EXERCISE INSTRUCTIONS
Keep only the lines of the material below that contain the word "with". Copy those lines.

MATERIAL FOR THE TASK
lemma hermitian_psd_invertible_coercive:
  assumes A: "A \<in> carrier_mat p p" and herm: "hermitian_mat A"
    and psd: "\<And>z. z \<in> carrier_vec p \<Longrightarrow> 0 \<le> Re ((A *\<^sub>v z) \<bullet>c z)" and det: "det A \<noteq> 0"
  obtains K where "K > 0" "\<And>y :: complex vec. y \<in> carrier_vec p \<Longrightarrow> sqnorm y \<le> K * Re ((A *\<^sub>v y) \<bullet>c y)"
proof -
  obtain B where B: "B \<in> carrier_mat p p" and BA: "B * A = 1\<^sub>m p"
    using det_non_zero_imp_unit[OF A det] unfolding Units_def ring_mat_def by auto
  define c where "c = entrywise_norm A + 1"
  have c: "c > 0" using entrywise_norm_nonneg[of A] unfolding c_def by simp
  have bound: "Re ((A *\<^sub>v w) \<bullet>c w) \<le> c * sqnorm w" if "w \<in> carrier_vec p" for w
    using rayleigh_le_entrywise_norm[OF A that] sqnorm_nonneg[of w] unfolding c_def
    by (simp add: distrib_right)
  define K where "K = (entrywise_norm B)\<^sup>2 * c + 1"
  show thesis
  proof (rule that)
    show "K > 0" unfolding K_def using c by (simp add: add_nonneg_pos)
    fix y :: "complex vec" assume y: "y \<in> carrier_vec p"
    have "y = B *\<^sub>v (A *\<^sub>v y)"
      using assoc_mult_mat_vec[OF B A y] BA y by simp
    hence "sqnorm y \<le> (entrywise_norm B)\<^sup>2 * sqnorm (A *\<^sub>v y)"
      using sqnorm_mult_vec_le[OF B, of "A *\<^sub>v y"] A y by simp
    also have "\<dots> \<le> (entrywise_norm B)\<^sup>2 * (c * Re ((A *\<^sub>v y) \<bullet>c y))"
      using psd_sqnorm_mult_vec_le[OF A herm psd c bound y] by (intro mult_left_mono) auto
    also have "\<dots> \<le> K * Re ((A *\<^sub>v y) \<bullet>c y)"
      unfolding K_def using psd[OF y] by (simp add: distrib_right)
    finally show "sqnorm y \<le> K * Re ((A *\<^sub>v y) \<bullet>c y)" .
  qed
qed

lemma rayleigh_le_of_unit_bound:
  assumes H: "H \<in> carrier_mat p p"
    and unit: "\<And>u. u \<in> carrier_vec p \<Longrightarrow> sqnorm u = 1 \<Longrightarrow> Re ((H *\<^sub>v u) \<bullet>c u) \<le> c"
    and y: "y \<in> carrier_vec p"
  shows "Re ((H *\<^sub>v y) \<bullet>c y) \<le> c * sqnorm y"
proof (cases "y = 0\<^sub>v p")
  case True
  thus ?thesis using H by simp
next
  case False
  define a where "a = 1 / sqrt (sqnorm y)"
  have pos: "sqnorm y > 0" using sqnorm_pos[OF y False] .
  have a2: "a\<^sup>2 * sqnorm y = 1" unfolding a_def using pos by (simp add: power_divide)
  define u where "u = of_real a \<cdot>\<^sub>v y"
  have u: "u \<in> carrier_vec p" using y unfolding u_def by simp
  have "sqnorm u = 1" unfolding u_def sqnorm_smult[OF y] using a2 by simp
  hence "Re ((H *\<^sub>v u) \<bullet>c u) \<le> c" by (rule unit[OF u])
  moreover have "(H *\<^sub>v u) \<bullet>c u = of_real (a\<^sup>2) * ((H *\<^sub>v y) \<bullet>c y)"
    unfolding u_def using H y
    by (simp add: mult_mat_vec cscalar_prod_smult_left[of _ p] cscalar_prod_smult_right[of _ p] power2_eq_square)
  ultimately have "a\<^sup>2 * Re ((H *\<^sub>v y) \<bullet>c y) \<le> c" by simp
  hence "a\<^sup>2 * Re ((H *\<^sub>v y) \<bullet>c y) * sqnorm y \<le> c * sqnorm y"
    using pos by (intro mult_right_mono) auto
  also have "a\<^sup>2 * Re ((H *\<^sub>v y) \<bullet>c y) * sqnorm y = Re ((H *\<^sub>v y) \<bullet>c y)"
    using a2 by (simp add: algebra_simps)
  finally show ?thesis .
qed

lemma hermitian_shift:
  fixes H :: "complex mat" and lam :: real
  assumes H: "H \<in> carrier_mat p p" and herm: "hermitian_mat H"
  defines "A \<equiv> of_real lam \<cdot>\<^sub>m 1\<^sub>m p - H"
  shows "A \<in> carrier_mat p p" and "hermitian_mat A"
    and "\<And>y. y \<in> carrier_vec p \<Longrightarrow> A *\<^sub>v y = of_real lam \<cdot>\<^sub>v y - H *\<^sub>v y"
    and "\<And>y. y \<in> carrier_vec p \<Longrightarrow> Re ((A *\<^sub>v y) \<bullet>c y) = lam * sqnorm y - Re ((H *\<^sub>v y) \<bullet>c y)"
proof -
  show A: "A \<in> carrier_mat p p" unfolding A_def by (rule minus_carrier_mat[OF H])
  have "mat_adjoint A = of_real lam \<cdot>\<^sub>m 1\<^sub>m p - mat_adjoint H"
    unfolding A_def using H by (intro eq_matI) auto
  thus "hermitian_mat A" using herm unfolding hermitian_mat_def A_def by simp
  show Av: "A *\<^sub>v y = of_real lam \<cdot>\<^sub>v y - H *\<^sub>v y" if "y \<in> carrier_vec p" for y
  proof -
    have "(of_real lam \<cdot>\<^sub>m 1\<^sub>m p) *\<^sub>v y = of_real lam \<cdot>\<^sub>v y" using that by auto
    thus ?thesis
      unfolding A_def using minus_mult_distrib_mat_vec[OF _ H that, of "of_real lam \<cdot>\<^sub>m 1\<^sub>m p"] by simp
  qed
  show "Re ((A *\<^sub>v y) \<bullet>c y) = lam * sqnorm y - Re ((H *\<^sub>v y) \<bullet>c y)" if y: "y \<in> carrier_vec p" for y
    unfolding Av[OF y] using H y
    by (simp add: cscalar_prod_diff_left[of _ p] cscalar_prod_smult_left[of _ p] sqnorm_def)
qed

lemma hermitian_rayleigh_sup_eigenvector:
  assumes H: "H \<in> carrier_mat p p" and herm: "hermitian_mat H"
    and rayleigh: "\<And>y. y \<in> carrier_vec p \<Longrightarrow> Re ((H *\<^sub>v y) \<bullet>c y) \<le> lam * sqnorm y"
    and least: "\<And>b. (\<And>u. u \<in> carrier_vec p \<Longrightarrow> sqnorm u = 1 \<Longrightarrow> Re ((H *\<^sub>v u) \<bullet>c u) \<le> b) \<Longrightarrow> lam \<le> b"
  obtains v where "v \<in> carrier_vec p" "v \<noteq> 0\<^sub>v p" "H *\<^sub>v v = of_real lam \<cdot>\<^sub>v v"
proof -
  define A where "A = of_real lam \<cdot>\<^sub>m 1\<^sub>m p - H"
  note A = hermitian_shift[OF H herm, where lam = lam, folded A_def]
  have A_psd: "0 \<le> Re ((A *\<^sub>v z) \<bullet>c z)" if "z \<in> carrier_vec p" for z
    using A(4)[OF that] rayleigh[OF that] by simp
  \<comment> \<open>if lam I - H were invertible it would be coercive, pushing the Rayleigh quotient below lam\<close>
  have "det A = 0"
  proof (rule ccontr)
    assume "det A \<noteq> 0"
    then obtain K where K: "K > 0"
      and coercive: "\<And>y. y \<in> carrier_vec p \<Longrightarrow> sqnorm y \<le> K * Re ((A *\<^sub>v y) \<bullet>c y)"
      using hermitian_psd_invertible_coercive[OF A(1,2) A_psd] by blast
    have "lam \<le> lam - 1 / K"
    proof (rule least)
      fix u assume u: "u \<in> carrier_vec p" "sqnorm u = 1"
      have "1 \<le> K * (lam - Re ((H *\<^sub>v u) \<bullet>c u))" using coercive[OF u(1)] A(4)[OF u(1)] u(2) by simp
      thus "Re ((H *\<^sub>v u) \<bullet>c u) \<le> lam - 1 / K" using K by (simp add: field_simps)
    qed
    thus False using K by simp
  qed
  then obtain v where v: "v \<in> carrier_vec p" "v \<noteq> 0\<^sub>v p" "A *\<^sub>v v = 0\<^sub>v p"
    using det_0_iff_vec_prod_zero[OF A(1)] by auto
  have "H *\<^sub>v v = of_real lam \<cdot>\<^sub>v v"
  proof (rule eq_vecI)
    fix i assume "i < dim_vec (of_real lam \<cdot>\<^sub>v v)"
    hence i: "i < p" using v by simp
    have "(of_real lam \<cdot>\<^sub>v v - H *\<^sub>v v) $ i = 0" using v(3) A(3)[OF v(1)] i by simp
    thus "(H *\<^sub>v v) $ i = (of_real lam \<cdot>\<^sub>v v) $ i" using i v(1) H by simp
  qed (use H v in auto)
  with v show thesis by (intro that)
qed

lemma hermitian_max_eigenvector:
  assumes H: "H \<in> carrier_mat p p" and herm: "hermitian_mat H" and p: "p > 0"
  obtains lam v where "v \<in> carrier_vec p" "v \<noteq> 0\<^sub>v p" "H *\<^sub>v v = of_real lam \<cdot>\<^sub>v v"
    "\<And>y. y \<in> carrier_vec p \<Longrightarrow> Re ((H *\<^sub>v y) \<bullet>c y) \<le> lam * sqnorm y"
proof -
  define S where "S = {Re ((H *\<^sub>v u) \<bullet>c u) | u. u \<in> carrier_vec p \<and> sqnorm u = 1}"
  have S_ne: "S \<noteq> {}"
    unfolding S_def using sqnorm_unit_vec[OF p] unit_vec_carrier[of p 0] by blast
  have S_bdd: "bdd_above S"
    unfolding S_def bdd_above_def using rayleigh_le_entrywise_norm[OF H] by force
  have rayleigh: "Re ((H *\<^sub>v y) \<bullet>c y) \<le> Sup S * sqnorm y" if "y \<in> carrier_vec p" for y
    using rayleigh_le_of_unit_bound[OF H _ that] cSup_upper[OF _ S_bdd] unfolding S_def by blast
  have "Sup S \<le> b"
    if "\<And>u. u \<in> carrier_vec p \<Longrightarrow> sqnorm u = 1 \<Longrightarrow> Re ((H *\<^sub>v u) \<bullet>c u) \<le> b" for b
    using that by (intro cSup_least[OF S_ne]) (auto simp: S_def)
  then obtain v where "v \<in> carrier_vec p" "v \<noteq> 0\<^sub>v p" "H *\<^sub>v v = of_real (Sup S) \<cdot>\<^sub>v v"
    using hermitian_rayleigh_sup_eigenvector[OF H herm rayleigh] by blast
  with rayleigh show thesis by (intro that)
qed

lemma eigenvalues_Re_finite_nonempty:
  assumes "(G :: complex mat) \<in> carrier_mat q q" "q > 0"
  shows "finite {Re e | e. eigenvalue G e}" "{Re e | e. eigenvalue G e} \<noteq> {}"
proof -
  have "{Re e | e. eigenvalue G e} = Re ` spectrum G" unfolding spectrum_def by auto
  thus "finite {Re e | e. eigenvalue G e}" "{Re e | e. eigenvalue G e} \<noteq> {}"
    using card_finite_spectrum(1)[OF assms(1)] spectrum_non_empty[OF assms] by auto
qed

lemma eigenvalue_adjoint_mult_le:
  assumes C: "C \<in> carrier_mat p q" and mu: "\<mu> \<ge> 0"
    and bound: "\<And>y. y \<in> carrier_vec p \<Longrightarrow> sqnorm (mat_adjoint C *\<^sub>v y) \<le> \<mu> * sqnorm y"
    and ev: "eigenvalue (mat_adjoint C * C) e"
  shows "Re e \<le> \<mu>"
proof -
  obtain v where v: "v \<in> carrier_vec q" "v \<noteq> 0\<^sub>v q" and Gv: "(mat_adjoint C * C) *\<^sub>v v = e \<cdot>\<^sub>v v"
    using ev C unfolding eigenvalue_def eigenvector_def by auto
  define w where "w = C *\<^sub>v v"
  have w: "w \<in> carrier_vec p" using C v unfolding w_def by simp
  have Aw: "mat_adjoint C *\<^sub>v w = e \<cdot>\<^sub>v v"
    using Gv assoc_mult_mat_vec[OF mat_adjoint_carrier[OF C] C v(1)] unfolding w_def by simp
  show ?thesis
  proof (cases "w = 0\<^sub>v p")
    case True
    hence "e \<cdot>\<^sub>v v = 0\<^sub>v q" using Aw mult_mat_vec_zero[OF mat_adjoint_carrier[OF C]] by simp
    hence "(cmod e)\<^sup>2 * sqnorm v = 0" using sqnorm_smult[OF v(1), of e] by simp
    thus ?thesis using sqnorm_pos[OF v] mu by simp
  next
    case False
    \<comment> \<open>w is an eigenvector of C C^H with the same eigenvalue\<close>
    have CAw: "C *\<^sub>v (mat_adjoint C *\<^sub>v w) = e \<cdot>\<^sub>v w"
      unfolding Aw unfolding w_def by (rule mult_mat_vec[OF C v(1)])
    have "(C *\<^sub>v (mat_adjoint C *\<^sub>v w)) \<bullet>c w = (mat_adjoint C *\<^sub>v w) \<bullet>c (mat_adjoint C *\<^sub>v w)"
      using C w by (intro cscalar_prod_mat_adjoint mat_adjoint_mult_vec_carrier)
    hence "e * of_real (sqnorm w) = of_real (sqnorm (mat_adjoint C *\<^sub>v w))"
      unfolding CAw cscalar_prod_smult_left[OF w w] cscalar_prod_self .
    hence "Re (e * of_real (sqnorm w)) = sqnorm (mat_adjoint C *\<^sub>v w)"
      by (metis Re_complex_of_real)
    hence "Re e * sqnorm w = sqnorm (mat_adjoint C *\<^sub>v w)" by simp
    also have "\<dots> \<le> \<mu> * sqnorm w" by (rule bound[OF w])
    finally show ?thesis using sqnorm_pos[OF w False] by simp
  qed
qed

lemma sigma_max_le:
  assumes C: "C \<in> carrier_mat p q" and q: "q > 0" and mu: "\<mu> \<ge> 0"
    and bound: "\<And>y. y \<in> carrier_vec p \<Longrightarrow> sqnorm (mat_adjoint C *\<^sub>v y) \<le> \<mu> * sqnorm y"
  shows "sigma_max C \<le> sqrt \<mu>"
proof -
  note fin = eigenvalues_Re_finite_nonempty[OF mult_carrier_mat[OF mat_adjoint_carrier[OF C] C] q]
  have "Max {Re e | e. eigenvalue (mat_adjoint C * C) e} \<le> \<mu>"
    using fin eigenvalue_adjoint_mult_le[OF C mu bound] by (subst Max_le_iff) auto
  thus ?thesis unfolding sigma_max_def by simp
qed

lemma sigma_max_eqI:
  assumes C: "C \<in> carrier_mat p q" and q: "q > 0" and mu: "\<mu> \<ge> 0"
    and bound: "\<And>y. y \<in> carrier_vec p \<Longrightarrow> sqnorm (mat_adjoint C *\<^sub>v y) \<le> \<mu> * sqnorm y"
    and y0: "y0 \<in> carrier_vec p" "y0 \<noteq> 0\<^sub>v p"
    and attained: "C *\<^sub>v (mat_adjoint C *\<^sub>v y0) = of_real \<mu> \<cdot>\<^sub>v y0"
  shows "sigma_max C = sqrt \<mu>"
proof -
  let ?G = "mat_adjoint C * C"
  have G: "?G \<in> carrier_mat q q" using mult_carrier_mat[OF mat_adjoint_carrier[OF C] C] .
  note fin = eigenvalues_Re_finite_nonempty[OF G q]
  have "eigenvalue ?G (of_real \<mu>)"
  proof (cases "\<mu> = 0")
    case True
    \<comment> \<open>then C^H = 0, so every nonzero vector is an eigenvector\<close>
    have "mat_adjoint C *\<^sub>v y = 0\<^sub>v q" if y: "y \<in> carrier_vec p" for y
    proof -
      have "mat_adjoint C *\<^sub>v y \<in> carrier_vec q" by (rule mat_adjoint_mult_vec_carrier[OF C y])
      thus ?thesis using bound[OF y] True sqnorm_nonneg[of "mat_adjoint C *\<^sub>v y"] sqnorm_eq_0_iff by force
    qed
    hence "?G *\<^sub>v unit_vec q 0 = 0\<^sub>v q"
      using C assoc_mult_mat_vec[OF mat_adjoint_carrier[OF C] C unit_vec_carrier] by simp
    thus ?thesis unfolding eigenvalue_def eigenvector_def using True G unit_vec_nonzero[OF q]
      by (intro exI[of _ "unit_vec q 0"]) auto
  next
    case False
    define v where "v = mat_adjoint C *\<^sub>v y0"
    have v: "v \<in> carrier_vec q" unfolding v_def by (rule mat_adjoint_mult_vec_carrier[OF C y0(1)])
    have Gv: "?G *\<^sub>v v = of_real \<mu> \<cdot>\<^sub>v v"
      using assoc_mult_mat_vec[OF mat_adjoint_carrier[OF C] C v] mult_mat_vec[OF mat_adjoint_carrier[OF C] y0(1)]
      unfolding v_def attained by simp
    have "v \<bullet>c v = y0 \<bullet>c (C *\<^sub>v v)"
      using cscalar_prod_mat_adjoint[OF mat_adjoint_carrier[OF C] y0(1) v] unfolding v_def by simp
    also have "\<dots> = of_real \<mu> * (y0 \<bullet>c y0)"
      unfolding v_def attained using cscalar_prod_smult_right[OF y0(1) y0(1)] by simp
    finally have "sqnorm v = \<mu> * sqnorm y0"
      unfolding cscalar_prod_self by (metis of_real_eq_iff of_real_mult)
    hence "v \<noteq> 0\<^sub>v q" using sqnorm_pos[OF y0] False mu by auto
    thus ?thesis unfolding eigenvalue_def eigenvector_def using Gv v C by auto
  qed
  hence "\<mu> \<in> {Re e | e. eigenvalue ?G e}" by force
  hence "Max {Re e | e. eigenvalue ?G e} = \<mu>"
    using fin eigenvalue_adjoint_mult_le[OF C mu bound] by (intro Max_eqI) auto
  thus ?thesis unfolding sigma_max_def by simp
qed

SOLUTION TO THIS PROBLEM
  with v show thesis by (intro that)
  with rayleigh show thesis by (intro that)
    \<comment> \<open>w is an eigenvector of C C^H with the same eigenvalue\<close>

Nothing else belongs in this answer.